In the data below, find every line with the string "level" and pull it out.
::::
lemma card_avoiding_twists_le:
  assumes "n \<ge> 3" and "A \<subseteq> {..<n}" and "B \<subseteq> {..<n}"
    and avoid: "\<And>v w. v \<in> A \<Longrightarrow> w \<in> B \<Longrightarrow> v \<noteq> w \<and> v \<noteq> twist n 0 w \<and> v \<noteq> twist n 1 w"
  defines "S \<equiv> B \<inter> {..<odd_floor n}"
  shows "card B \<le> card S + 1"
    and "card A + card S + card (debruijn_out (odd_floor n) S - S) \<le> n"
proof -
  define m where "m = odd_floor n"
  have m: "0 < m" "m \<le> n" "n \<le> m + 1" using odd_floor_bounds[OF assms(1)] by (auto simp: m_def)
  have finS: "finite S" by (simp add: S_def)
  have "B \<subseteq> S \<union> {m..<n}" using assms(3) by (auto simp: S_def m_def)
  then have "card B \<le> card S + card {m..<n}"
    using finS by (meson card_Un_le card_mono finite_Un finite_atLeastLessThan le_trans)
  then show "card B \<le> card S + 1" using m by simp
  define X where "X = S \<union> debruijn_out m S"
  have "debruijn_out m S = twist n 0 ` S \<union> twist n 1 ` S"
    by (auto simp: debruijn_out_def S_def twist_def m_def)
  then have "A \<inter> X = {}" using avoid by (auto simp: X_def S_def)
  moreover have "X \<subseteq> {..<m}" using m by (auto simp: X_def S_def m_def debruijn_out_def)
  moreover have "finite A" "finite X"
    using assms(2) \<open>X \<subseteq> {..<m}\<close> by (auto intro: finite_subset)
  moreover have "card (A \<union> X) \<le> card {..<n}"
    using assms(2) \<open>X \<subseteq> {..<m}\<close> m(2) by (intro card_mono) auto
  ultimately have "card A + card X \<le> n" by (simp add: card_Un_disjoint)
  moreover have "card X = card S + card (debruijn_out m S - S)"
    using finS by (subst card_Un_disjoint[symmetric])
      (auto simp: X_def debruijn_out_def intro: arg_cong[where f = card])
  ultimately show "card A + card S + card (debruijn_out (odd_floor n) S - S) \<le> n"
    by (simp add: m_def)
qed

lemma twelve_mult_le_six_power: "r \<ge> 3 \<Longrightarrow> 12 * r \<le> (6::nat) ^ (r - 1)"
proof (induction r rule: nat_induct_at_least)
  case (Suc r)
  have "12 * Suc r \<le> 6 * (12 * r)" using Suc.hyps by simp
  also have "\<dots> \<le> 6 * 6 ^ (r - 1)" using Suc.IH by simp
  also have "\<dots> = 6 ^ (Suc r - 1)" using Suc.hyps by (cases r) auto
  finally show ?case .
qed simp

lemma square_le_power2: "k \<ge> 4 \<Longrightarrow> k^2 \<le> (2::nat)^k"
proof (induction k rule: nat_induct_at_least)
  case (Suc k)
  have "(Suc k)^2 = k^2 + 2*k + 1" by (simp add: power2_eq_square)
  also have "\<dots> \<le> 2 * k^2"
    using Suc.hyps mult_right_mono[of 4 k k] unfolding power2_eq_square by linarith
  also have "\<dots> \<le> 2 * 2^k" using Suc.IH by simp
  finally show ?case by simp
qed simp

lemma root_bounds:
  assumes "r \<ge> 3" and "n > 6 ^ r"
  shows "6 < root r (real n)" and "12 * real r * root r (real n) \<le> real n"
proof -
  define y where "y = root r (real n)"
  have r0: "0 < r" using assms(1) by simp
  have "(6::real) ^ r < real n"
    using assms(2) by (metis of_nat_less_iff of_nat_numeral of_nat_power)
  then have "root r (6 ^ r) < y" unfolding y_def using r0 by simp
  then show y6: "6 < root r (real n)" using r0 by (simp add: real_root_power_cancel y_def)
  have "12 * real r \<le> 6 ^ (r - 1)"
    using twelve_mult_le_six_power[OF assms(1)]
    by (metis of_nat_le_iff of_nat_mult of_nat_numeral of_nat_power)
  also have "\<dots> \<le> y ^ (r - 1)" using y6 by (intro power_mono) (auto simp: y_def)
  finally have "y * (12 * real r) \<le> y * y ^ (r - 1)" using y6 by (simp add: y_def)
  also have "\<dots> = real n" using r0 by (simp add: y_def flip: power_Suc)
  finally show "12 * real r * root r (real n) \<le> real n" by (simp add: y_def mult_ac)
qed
::::
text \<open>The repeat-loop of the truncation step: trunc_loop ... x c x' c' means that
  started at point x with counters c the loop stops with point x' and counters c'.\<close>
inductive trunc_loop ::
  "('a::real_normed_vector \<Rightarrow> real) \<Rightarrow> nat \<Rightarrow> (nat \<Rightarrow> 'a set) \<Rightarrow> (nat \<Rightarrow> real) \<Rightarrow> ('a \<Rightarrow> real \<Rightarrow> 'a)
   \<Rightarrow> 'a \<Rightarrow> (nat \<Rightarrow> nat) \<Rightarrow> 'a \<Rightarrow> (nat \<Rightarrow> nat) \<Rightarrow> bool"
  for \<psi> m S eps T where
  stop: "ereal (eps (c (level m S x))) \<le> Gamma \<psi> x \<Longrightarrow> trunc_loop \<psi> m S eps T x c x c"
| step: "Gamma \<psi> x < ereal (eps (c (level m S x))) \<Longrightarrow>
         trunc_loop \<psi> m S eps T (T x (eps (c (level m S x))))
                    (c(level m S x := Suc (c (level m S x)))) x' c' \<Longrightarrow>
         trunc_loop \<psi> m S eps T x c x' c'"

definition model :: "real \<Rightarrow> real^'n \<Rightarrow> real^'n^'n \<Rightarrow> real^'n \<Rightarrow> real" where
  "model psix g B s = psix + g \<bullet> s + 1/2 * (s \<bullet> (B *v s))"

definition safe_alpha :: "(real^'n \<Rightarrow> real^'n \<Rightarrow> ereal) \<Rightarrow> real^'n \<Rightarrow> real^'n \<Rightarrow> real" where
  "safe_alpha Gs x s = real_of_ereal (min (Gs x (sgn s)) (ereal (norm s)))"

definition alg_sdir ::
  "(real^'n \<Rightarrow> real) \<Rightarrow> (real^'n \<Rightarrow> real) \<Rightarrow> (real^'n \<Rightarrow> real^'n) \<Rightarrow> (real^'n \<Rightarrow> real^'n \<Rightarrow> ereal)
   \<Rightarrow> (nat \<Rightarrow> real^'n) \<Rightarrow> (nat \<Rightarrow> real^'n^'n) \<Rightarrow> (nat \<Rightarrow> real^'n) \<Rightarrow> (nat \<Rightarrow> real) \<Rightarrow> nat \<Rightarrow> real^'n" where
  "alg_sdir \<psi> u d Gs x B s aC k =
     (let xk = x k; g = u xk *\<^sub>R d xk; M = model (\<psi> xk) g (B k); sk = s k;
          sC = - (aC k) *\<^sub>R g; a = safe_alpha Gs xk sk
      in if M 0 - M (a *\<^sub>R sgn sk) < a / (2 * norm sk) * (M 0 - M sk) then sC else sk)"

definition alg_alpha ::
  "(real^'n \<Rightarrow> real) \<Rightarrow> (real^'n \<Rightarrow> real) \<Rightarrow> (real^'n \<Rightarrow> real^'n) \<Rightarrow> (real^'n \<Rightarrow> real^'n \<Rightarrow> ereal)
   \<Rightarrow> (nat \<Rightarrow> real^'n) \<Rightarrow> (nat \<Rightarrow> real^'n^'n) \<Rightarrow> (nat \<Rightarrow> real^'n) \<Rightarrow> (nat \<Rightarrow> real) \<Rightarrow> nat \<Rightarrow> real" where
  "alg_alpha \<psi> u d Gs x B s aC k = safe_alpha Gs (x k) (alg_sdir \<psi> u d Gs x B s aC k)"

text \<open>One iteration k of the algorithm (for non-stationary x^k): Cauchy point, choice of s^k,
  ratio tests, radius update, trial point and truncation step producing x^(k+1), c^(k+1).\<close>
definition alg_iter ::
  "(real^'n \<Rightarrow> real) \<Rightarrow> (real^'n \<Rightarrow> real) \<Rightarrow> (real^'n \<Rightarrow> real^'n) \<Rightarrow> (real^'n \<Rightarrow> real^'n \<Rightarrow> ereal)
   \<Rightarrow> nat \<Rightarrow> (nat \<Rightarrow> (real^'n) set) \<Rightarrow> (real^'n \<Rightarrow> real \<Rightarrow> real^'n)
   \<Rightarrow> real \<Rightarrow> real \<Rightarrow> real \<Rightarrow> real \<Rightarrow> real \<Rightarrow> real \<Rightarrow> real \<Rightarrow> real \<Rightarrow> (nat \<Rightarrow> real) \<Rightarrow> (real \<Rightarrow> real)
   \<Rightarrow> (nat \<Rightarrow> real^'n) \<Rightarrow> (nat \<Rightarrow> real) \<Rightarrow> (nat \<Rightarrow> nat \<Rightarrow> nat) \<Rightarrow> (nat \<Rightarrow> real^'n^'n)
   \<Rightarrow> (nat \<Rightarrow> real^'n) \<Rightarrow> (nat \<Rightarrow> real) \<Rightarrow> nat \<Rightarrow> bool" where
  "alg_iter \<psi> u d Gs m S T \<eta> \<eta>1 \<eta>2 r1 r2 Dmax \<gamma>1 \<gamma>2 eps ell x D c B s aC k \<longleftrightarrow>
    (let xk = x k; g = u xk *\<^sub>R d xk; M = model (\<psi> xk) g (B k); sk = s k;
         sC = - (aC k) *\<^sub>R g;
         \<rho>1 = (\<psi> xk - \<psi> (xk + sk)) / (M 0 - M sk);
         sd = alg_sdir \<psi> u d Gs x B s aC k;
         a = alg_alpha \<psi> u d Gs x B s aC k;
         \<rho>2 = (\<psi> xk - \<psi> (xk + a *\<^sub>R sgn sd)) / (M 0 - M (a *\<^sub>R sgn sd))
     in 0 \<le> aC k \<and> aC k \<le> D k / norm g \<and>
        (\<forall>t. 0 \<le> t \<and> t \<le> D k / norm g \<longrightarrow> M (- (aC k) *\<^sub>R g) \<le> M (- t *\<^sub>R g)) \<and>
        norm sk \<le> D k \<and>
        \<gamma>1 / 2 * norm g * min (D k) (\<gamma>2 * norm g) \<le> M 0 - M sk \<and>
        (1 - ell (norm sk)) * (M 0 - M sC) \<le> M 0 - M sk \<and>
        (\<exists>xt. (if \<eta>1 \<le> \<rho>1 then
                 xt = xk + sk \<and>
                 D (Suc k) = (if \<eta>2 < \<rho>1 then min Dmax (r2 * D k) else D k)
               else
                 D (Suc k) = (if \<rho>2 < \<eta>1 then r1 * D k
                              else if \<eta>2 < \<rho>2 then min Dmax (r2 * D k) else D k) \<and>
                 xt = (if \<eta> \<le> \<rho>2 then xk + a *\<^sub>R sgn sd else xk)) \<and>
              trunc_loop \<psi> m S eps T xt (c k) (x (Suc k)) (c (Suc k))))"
::::
§ EXERCISE RESULT:
  stop: "ereal (eps (c (level m S x))) \<le> Gamma \<psi> x \<Longrightarrow> trunc_loop \<psi> m S eps T x c x c"
| step: "Gamma \<psi> x < ereal (eps (c (level m S x))) \<Longrightarrow>
         trunc_loop \<psi> m S eps T (T x (eps (c (level m S x))))
                    (c(level m S x := Suc (c (level m S x)))) x' c' \<Longrightarrow>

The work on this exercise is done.